These structurally complex biomolecules require equally complex machinery for their biosynthesis. Nonribosomal peptide synthetases (NRPS) are one of the complex set of proteins amongst the several known machineries required to produce bacterial natural products (Ansari et al. 2004; Wang et al. 2014). Various studies have been carried out to understand the biosynthetic gene clusters harbored by bacteria (mainly Bacillus genera) for actively synthesizing such compounds (Yakimov et al. 1995; Mukherjee et al. 2009; Al-Bahry et al. 2013; Donio et al. 2013). Although, gene clusters responsible for the production of NRPS molecules share very similar modules, most of these have a potential to produce isoforms of the same biomolecule (Naruse et al. 1990; Konz et al. 1999; Domingos et al. 2015). Considering the diversity in their structures and functions, it is necessary to carry out extensive screening and characterization using unified methodology of chemical genomics and thus to create a platform for breakthrough understanding of such biomolecules (Payne et al. 2007; Zerikly and Challis 2009; Lu et al. 2014; Aleti et al. 2015). Furthermore, such efforts could eventually lead to the development of better drugs, considering both the production cost and improvement in their effectiveness.

The present study involves the use of an integrated approach to understand the functional genomics of a biosurfactant producing bacterial isolate, Bacillus sp. AM13. Moreover, this study aims to understand the genetic basis of biosynthetic machinery involved in the production of the bioactive molecule, along with comprehending its chemical nature.

Material and methods

Sample collection and bacterial isolation

Soil samples near a pond situated at Ambala, Haryana, India (30° 21’ 23.64” N, 76° 51’ 28.26” E) were collected in triplicate. Samples were transported to the laboratory at 4 °C and were processed immediately. For bacterial isolation, 1 g soil sample was serially diluted in sterile saline solution. Each dilution was spread onto NA and R2A medium (pH 7.2 ± 0.2) and incubated at 30 °C for 2–7 days.

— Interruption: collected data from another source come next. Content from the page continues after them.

lemma nn_integral_normal_density_standardize:
  fixes h :: "real \<Rightarrow> ennreal"
  assumes \<sigma>: "0 < \<sigma>" and [measurable]: "h \<in> borel_measurable borel"
  shows "(\<integral>\<^sup>+x. normal_density \<mu> \<sigma> x * h ((x - \<mu>) / \<sigma>) \<partial>lborel)
       = (\<integral>\<^sup>+u. std_normal_density u * h u \<partial>lborel)"
proof -
  have "(\<integral>\<^sup>+x. normal_density \<mu> \<sigma> x * h ((x - \<mu>) / \<sigma>) \<partial>lborel)
      = ennreal \<sigma> * (\<integral>\<^sup>+u. normal_density \<mu> \<sigma> (\<mu> + \<sigma> * u) * h u \<partial>lborel)"
    using nn_integral_real_affine[where t = \<mu> and c = \<sigma>
        and f = "\<lambda>x. normal_density \<mu> \<sigma> x * h ((x - \<mu>) / \<sigma>)"] \<sigma>
    by simp
  also have "\<dots> = (\<integral>\<^sup>+u. ennreal \<sigma> * (normal_density \<mu> \<sigma> (\<mu> + \<sigma> * u) * h u) \<partial>lborel)"
    by (rule nn_integral_cmult[symmetric]) measurable
  also have "\<dots> = (\<integral>\<^sup>+u. std_normal_density u * h u \<partial>lborel)"
    using \<sigma> by (intro nn_integral_cong)
      (simp add: normal_density_at_affine mult.assoc[symmetric] ennreal_mult[symmetric])
  finally show ?thesis .
qed

lemma nn_integral_normal_density_indicator_standardized:
  assumes "0 < \<sigma>" and [measurable]: "S \<in> sets borel"
  shows "(\<integral>\<^sup>+x. ennreal (normal_density \<mu> \<sigma> x) * indicator S ((x - \<mu>) / \<sigma>) \<partial>lborel)
       = emeasure (density lborel std_normal_density) S"
  by (simp add: nn_integral_normal_density_standardize[OF assms(1)] emeasure_density)

lemma borel_measurable_bivariate_normal_density[measurable]:
  "bivariate_normal_density m1 m2 s11 s12 s22 \<in> borel_measurable borel"
  unfolding borel_prod[symmetric] bivariate_normal_density_def[abs_def] Let_def by measurable

lemma bivariate_normal_density_factor:
  assumes s11: "0 < s11" and det: "0 < s11 * s22 - s12\<^sup>2"
  shows "bivariate_normal_density m1 m2 s11 s12 s22 (x, y) =
    normal_density m1 (sqrt s11) x *
    normal_density (m2 + s12 / s11 * (x - m1)) (sqrt ((s11 * s22 - s12\<^sup>2) / s11)) y"
proof -
  define d where "d = s11 * s22 - s12\<^sup>2"
  define u where "u = x - m1"
  define v where "v = y - m2"
  have d: "0 < d" using det d_def by simp
  have exponent: "- (s22 * u\<^sup>2 - 2 * s12 * u * v + s11 * v\<^sup>2) / (2 * d) =
     - u\<^sup>2 / (2 * (sqrt s11)\<^sup>2) + - (v - s12 / s11 * u)\<^sup>2 / (2 * (sqrt (d / s11))\<^sup>2)"
    using s11 d unfolding d_def by (simp add: field_simps power2_eq_square)
  have "sqrt (2 * pi * (sqrt s11)\<^sup>2) * sqrt (2 * pi * (sqrt (d / s11))\<^sup>2)
      = sqrt ((2 * pi * s11) * (2 * pi * (d / s11)))"
    using s11 d by (simp only: real_sqrt_pow2 less_imp_le divide_nonneg_pos real_sqrt_mult)
  also have "(2 * pi * s11) * (2 * pi * (d / s11)) = (2 * pi)\<^sup>2 * d"
    using s11 by (simp add: field_simps power2_eq_square)
  finally have normalisation: "sqrt (2 * pi * (sqrt s11)\<^sup>2) * sqrt (2 * pi * (sqrt (d / s11))\<^sup>2)
      = 2 * pi * sqrt d"
    by (simp add: real_sqrt_mult)
  show ?thesis
    unfolding bivariate_normal_density_def normal_density_def Let_def
    using exponent normalisation s11 d unfolding d_def[symmetric] u_def v_def
    by (simp add: exp_add[symmetric] field_simps)
qed

lemma emeasure_bivariate_normal_quadrant:
  assumes s11: "0 < s11" and det: "0 < s11 * s22 - s12\<^sup>2"
  shows "emeasure (bivariate_normal m1 m2 s11 s12 s22) ({..p} \<times> {..q}) =
    (\<integral>\<^sup>+x. ennreal (normal_density m1 (sqrt s11) x *
        Phi ((q - (m2 + s12 / s11 * (x - m1))) / sqrt ((s11 * s22 - s12\<^sup>2) / s11)))
      * indicator {..p} x \<partial>lborel)"
proof -
  define \<mu> where "\<mu> x = m2 + s12 / s11 * (x - m1)" for x
  define \<tau> where "\<tau> = sqrt ((s11 * s22 - s12\<^sup>2) / s11)"
  have \<tau>: "0 < \<tau>" unfolding \<tau>_def using s11 det by simp
  define g where "g x y = (ennreal (normal_density m1 (sqrt s11) x) * indicator {..p} x) *
      (ennreal (normal_density (\<mu> x) \<tau> y) * indicator {..q} y)" for x y
  have conditional: "(\<integral>\<^sup>+y. ennreal (normal_density (\<mu> x) \<tau> y) * indicator {..q} y \<partial>lborel)
      = Phi ((q - \<mu> x) / \<tau>)" for x
  proof -
    have "indicator {..q} y = (indicator {..(q - \<mu> x) / \<tau>} ((y - \<mu> x) / \<tau>) :: ennreal)" for y
      using \<tau> by (simp add: indicator_def divide_right_mono divide_le_cancel)
    then show ?thesis
      by (simp add: nn_integral_normal_density_indicator_standardized[OF \<tau>]
          emeasure_std_normal_atMost)
  qed
  have "emeasure (bivariate_normal m1 m2 s11 s12 s22) ({..p} \<times> {..q}) =
      (\<integral>\<^sup>+z. ennreal (bivariate_normal_density m1 m2 s11 s12 s22 z) * indicator ({..p} \<times> {..q}) z
        \<partial>lborel)"
    unfolding bivariate_normal_def
    by (rule emeasure_density) (auto intro: borel_closed closed_Times)
  also have "\<dots> = (\<integral>\<^sup>+z. ennreal (bivariate_normal_density m1 m2 s11 s12 s22 z)
        * indicator ({..p} \<times> {..q}) z \<partial>(lborel \<Otimes>\<^sub>M lborel))"
    by (simp add: lborel_prod)
  also have "\<dots> = (\<integral>\<^sup>+z. g (fst z) (snd z) \<partial>(lborel \<Otimes>\<^sub>M lborel))"
    by (intro nn_integral_cong)
      (auto simp: g_def bivariate_normal_density_factor[OF s11 det] \<mu>_def \<tau>_def
        indicator_times ennreal_mult mult_ac)
  also have "\<dots> = (\<integral>\<^sup>+x. \<integral>\<^sup>+y. g x y \<partial>lborel \<partial>lborel)"
  proof -
    have "(\<lambda>z. g (fst z) (snd z)) \<in> borel_measurable (lborel \<Otimes>\<^sub>M lborel)"
      unfolding g_def normal_density_def \<mu>_def by measurable
    from lborel.nn_integral_fst[OF this] show ?thesis by simp
  qed
  also have "\<dots> = (\<integral>\<^sup>+x. (ennreal (normal_density m1 (sqrt s11) x) * indicator {..p} x) *
        Phi ((q - \<mu> x) / \<tau>) \<partial>lborel)"
    by (simp add: g_def nn_integral_cmult conditional)
  finally show ?thesis
    unfolding \<mu>_def \<tau>_def by (simp add: ennreal_mult mult_ac)
qed

lemma bivariate_normal_quadrant_ge:
  assumes s11: "0 < s11" and det: "0 < s11 * s22 - s12\<^sup>2" and "b1 \<le> b2"
    and strip: "\<And>x. b1 < (x - m1) / sqrt s11 \<Longrightarrow> (x - m1) / sqrt s11 \<le> b2 \<Longrightarrow>
      x \<le> p \<and> k \<le> (q - (m2 + s12 / s11 * (x - m1))) / sqrt ((s11 * s22 - s12\<^sup>2) / s11)"
  shows "ennreal ((Phi b2 - Phi b1) * Phi k)
    \<le> emeasure (bivariate_normal m1 m2 s11 s12 s22) ({..p} \<times> {..q})"
proof -
  define \<sigma> where "\<sigma> = sqrt s11"
  define K where "K x = Phi ((q - (m2 + s12 / s11 * (x - m1))) / sqrt ((s11 * s22 - s12\<^sup>2) / s11))"
    for x
  have \<sigma>: "0 < \<sigma>" unfolding \<sigma>_def using s11 by simp
  have "ennreal ((Phi b2 - Phi b1) * Phi k)
      = ennreal (Phi k) * emeasure (density lborel std_normal_density) {b1<..b2}"
    using \<open>b1 \<le> b2\<close> Phi_mono[OF \<open>b1 \<le> b2\<close>]
    by (simp add: emeasure_std_normal_greaterThanAtMost ennreal_mult mult.commute)
  also have "\<dots> = ennreal (Phi k) *
      (\<integral>\<^sup>+x. ennreal (normal_density m1 \<sigma> x) * indicator {b1<..b2} ((x - m1) / \<sigma>) \<partial>lborel)"
    by (simp add: nn_integral_normal_density_indicator_standardized[OF \<sigma>])
  also have "\<dots> = (\<integral>\<^sup>+x. ennreal (Phi k) *
      (ennreal (normal_density m1 \<sigma> x) * indicator {b1<..b2} ((x - m1) / \<sigma>)) \<partial>lborel)"
    by (rule nn_integral_cmult[symmetric]) measurable
  also have "\<dots> \<le> (\<integral>\<^sup>+x. ennreal (normal_density m1 \<sigma> x * K x) * indicator {..p} x \<partial>lborel)"
  proof (rule nn_integral_mono)
    fix x
    show "ennreal (Phi k) * (ennreal (normal_density m1 \<sigma> x) * indicator {b1<..b2} ((x - m1) / \<sigma>))
      \<le> ennreal (normal_density m1 \<sigma> x * K x) * indicator {..p} x"
    proof (cases "(x - m1) / \<sigma> \<in> {b1<..b2}")
      case True
      with strip have "x \<le> p" "Phi k \<le> K x" unfolding K_def \<sigma>_def by (auto intro: Phi_mono)
      then have "ennreal (Phi k) * ennreal (normal_density m1 \<sigma> x)
          \<le> ennreal (K x) * ennreal (normal_density m1 \<sigma> x)"
        by (intro mult_right_mono ennreal_leI) auto
      then show ?thesis
        using True \<open>x \<le> p\<close> by (simp add: K_def ennreal_mult mult_ac)
    qed simp
  qed
  also have "\<dots> = emeasure (bivariate_normal m1 m2 s11 s12 s22) ({..p} \<times> {..q})"
    unfolding K_def \<sigma>_def by (rule emeasure_bivariate_normal_quadrant[symmetric, OF s11 det])
  finally show ?thesis .
qed

lemma abs_offdiag_div_sqrt_det_le:
  fixes k s11 s12 s22 :: real
  assumes k: "0 < k" "k \<le> 1" and det: "0 < s11 * s22 - s12\<^sup>2"
    and corr: "k * (s11 * s22) \<le> s11 * s22 - s12\<^sup>2"
  shows "\<bar>s12\<bar> / sqrt (s11 * s22 - s12\<^sup>2) \<le> sqrt (1 - k\<^sup>2) / k"
proof -
  define d where "d = s11 * s22 - s12\<^sup>2"
  have "0 \<le> s11 * s22" using det zero_le_power2[of s12] by linarith
  then have "k\<^sup>2 * (s11 * s22) \<le> k * (s11 * s22)"
    using k by (intro mult_right_mono) (auto simp: power2_eq_square)
  with corr have "s12\<^sup>2 * k\<^sup>2 \<le> (1 - k\<^sup>2) * d" unfolding d_def by (simp add: algebra_simps)
  then have "sqrt (s12\<^sup>2 * k\<^sup>2) \<le> sqrt ((1 - k\<^sup>2) * d)" by (rule real_sqrt_le_mono)
  then have "\<bar>s12\<bar> * k \<le> sqrt (1 - k\<^sup>2) * sqrt d" using k by (simp add: real_sqrt_mult)
  then show ?thesis using k det unfolding d_def by (simp add: field_simps)
qed

lemma strip_conditional_threshold_ge:
  fixes c C N r s11 s12 s22 m1 m2 x :: real
  defines "a \<equiv> - r / sqrt c" and "\<rho>0 \<equiv> sqrt (1 - (c / C)\<^sup>2)"
  assumes c: "0 < c" "c \<le> C" and N: "0 < N" and r: "0 \<le> r"
    and diag: "c * N \<le> s11" and det_ge: "c * N * s11 \<le> s11 * s22 - s12\<^sup>2"
    and corr: "c * s11 * s22 \<le> C * (s11 * s22 - s12\<^sup>2)"
    and strip: "2 * a < (x - m1) / sqrt s11" "(x - m1) / sqrt s11 \<le> a"
  shows "x \<le> m1 - r * sqrt N \<and>
    a * (1 + 2 * \<rho>0) / sqrt (1 - \<rho>0\<^sup>2)
      \<le> (m2 - r * sqrt N - (m2 + s12 / s11 * (x - m1))) / sqrt ((s11 * s22 - s12\<^sup>2) / s11)"
proof -
  define d where "d = s11 * s22 - s12\<^sup>2"
  define t where "t = r * sqrt N"
  define \<sigma> where "\<sigma> = sqrt s11"
  define k where "k = c / C"
  define u where "u = (x - m1) / \<sigma>"
  have cN: "0 < c * N" using c N by simp
  then have s11: "0 < s11" using diag by linarith
  have d: "0 < d" unfolding d_def using det_ge mult_pos_pos[OF cN s11] by linarith
  have \<sigma>: "0 < \<sigma>" unfolding \<sigma>_def using s11 by simp
  have k: "0 < k" "k \<le> 1" unfolding k_def using c by auto
  have a: "a \<le> 0" unfolding a_def using c r by simp
  have k2: "k\<^sup>2 \<le> 1" using k by (simp add: power_le_one)
  have \<rho>0_k: "\<rho>0 = sqrt (1 - k\<^sup>2)" unfolding \<rho>0_def k_def ..
  have sqrt_one_minus_\<rho>0: "sqrt (1 - \<rho>0\<^sup>2) = k"
    unfolding \<rho>0_k using k k2 by simp
  have threshold: "(m2 - t - (m2 + s12 / s11 * (x - m1))) / sqrt ((s11 * s22 - s12\<^sup>2) / s11)
      = - (t * \<sigma> / sqrt d) - s12 / sqrt d * u"
  proof -
    have sd: "sqrt ((s11 * s22 - s12\<^sup>2) / s11) = sqrt d / \<sigma>"
      unfolding d_def \<sigma>_def by (simp add: real_sqrt_divide)
    have mean: "s12 / s11 * (x - m1) = s12 * u / \<sigma>"
      using \<sigma> s11 unfolding u_def \<sigma>_def by (simp add: field_simps)
    have "0 < sqrt d" using d by simp
    then show ?thesis unfolding sd mean using \<sigma> by (simp add: field_simps)
  qed
  have "t * \<sigma> * sqrt c = r * sqrt (c * N * s11)"
    unfolding t_def \<sigma>_def by (simp add: real_sqrt_mult)
  also have "\<dots> \<le> r * sqrt d"
    using det_ge r unfolding d_def by (intro mult_left_mono real_sqrt_le_mono)
  finally have scale: "t * \<sigma> / sqrt d \<le> - a"
    unfolding a_def using c d by (simp add: field_simps)
  have "\<bar>s12\<bar> / sqrt d \<le> \<rho>0 / k"
    unfolding d_def \<rho>0_k
  proof (rule abs_offdiag_div_sqrt_det_le[OF k])
    show "0 < s11 * s22 - s12\<^sup>2" using d d_def by simp
    show "k * (s11 * s22) \<le> s11 * s22 - s12\<^sup>2" using corr c unfolding k_def by (simp add: field_simps)
  qed
  moreover have "\<bar>u\<bar> \<le> - 2 * a" using strip a unfolding u_def \<sigma>_def by auto
  ultimately have "\<bar>s12 / sqrt d * u\<bar> \<le> \<rho>0 / k * (- 2 * a)"
    using d k k2 \<rho>0_k unfolding abs_mult by (intro mult_mono) auto
  also have "\<dots> = - (2 * a * \<rho>0 / k)" by simp
  finally have cross: "\<bar>s12 / sqrt d * u\<bar> \<le> - (2 * a * \<rho>0 / k)" .
  have "a * (1 + 2 * \<rho>0) / k = a / k + 2 * a * \<rho>0 / k"
    using k by (simp add: field_simps)
  also have "\<dots> \<le> a + - (s12 / sqrt d * u)"
  proof (rule add_mono)
    show "a / k \<le> a" using mult_left_mono_neg[OF k(2) a] k by (simp add: field_simps)
    show "2 * a * \<rho>0 / k \<le> - (s12 / sqrt d * u)" using abs_le_D1[OF cross] by linarith
  qed
  also have "\<dots> \<le> - (t * \<sigma> / sqrt d) - s12 / sqrt d * u" using scale by simp
  finally have "a * (1 + 2 * \<rho>0) / k \<le> - (t * \<sigma> / sqrt d) - s12 / sqrt d * u" .
  moreover have "x \<le> m1 - t"
  proof -
    have "sqrt c * sqrt N \<le> \<sigma>" unfolding \<sigma>_def using diag by (simp add: real_sqrt_mult[symmetric])
    from mult_left_mono[OF this r] have "t \<le> - \<sigma> * a"
      unfolding t_def a_def using c by (simp add: field_simps)
    moreover have "x - m1 \<le> \<sigma> * a" using strip \<sigma> unfolding \<sigma>_def by (simp add: field_simps)
    ultimately show ?thesis by linarith
  qed
  ultimately show ?thesis using sqrt_one_minus_\<rho>0 threshold unfolding t_def by simp
qed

Primary screening of antibacterial activity

Bacterial isolates were screened for antibacterial activity against Escherichia coli ATCC 25922 and Bacillus subtilis ATCC 10876 (data not shown). Isolates demonstrating desired zones were further screened by the same protocol against two multi-drug resistant bacteria (MDR), Enterobacter sp., resistant to sulfamethoxazole, ampicillin, azithromycin, and tetracycline, and Serratia sp. GMX1, resistant to sulfamethoxazole, ampicillin, azithromycin, tetracycline, and netilmicin as described in the previous study (Kapley et al. 2016). Isolates with antibacterial activity against both the MDR strains were selected for further characterization. However, this study focuses only on strain AM13. This strain was deposited at Microbial Culture Collection, Pune, India, and catalogued with the accession number MCC 2971.

Genome sequencing

Genomic DNA extraction was carried out using the method described in the previous study (Prakash et al. 2012). The genomic DNA was fragmented using Ion Shear Plus Reagents Kit (Life technologies, USA) and purified using Agencourt Ampure XP DNA reagent (Beckman Coulter, USA). The fragmented DNA was ligated with barcode adapters. Adaptor-DNA constructs were purified and size selected and amplified via PCR as per manufacturer’s instructions. Quantification and size distribution analysis was carried out on high sensitivity DNA chip kit on Agilent Bioanalyzer 2100 (Agilent technologies, Santa Clara, USA). Emulsion PCR and sequencing of the DNA libraries were carried out using Ion PI chip Ion Proton system (Life technologies, USA).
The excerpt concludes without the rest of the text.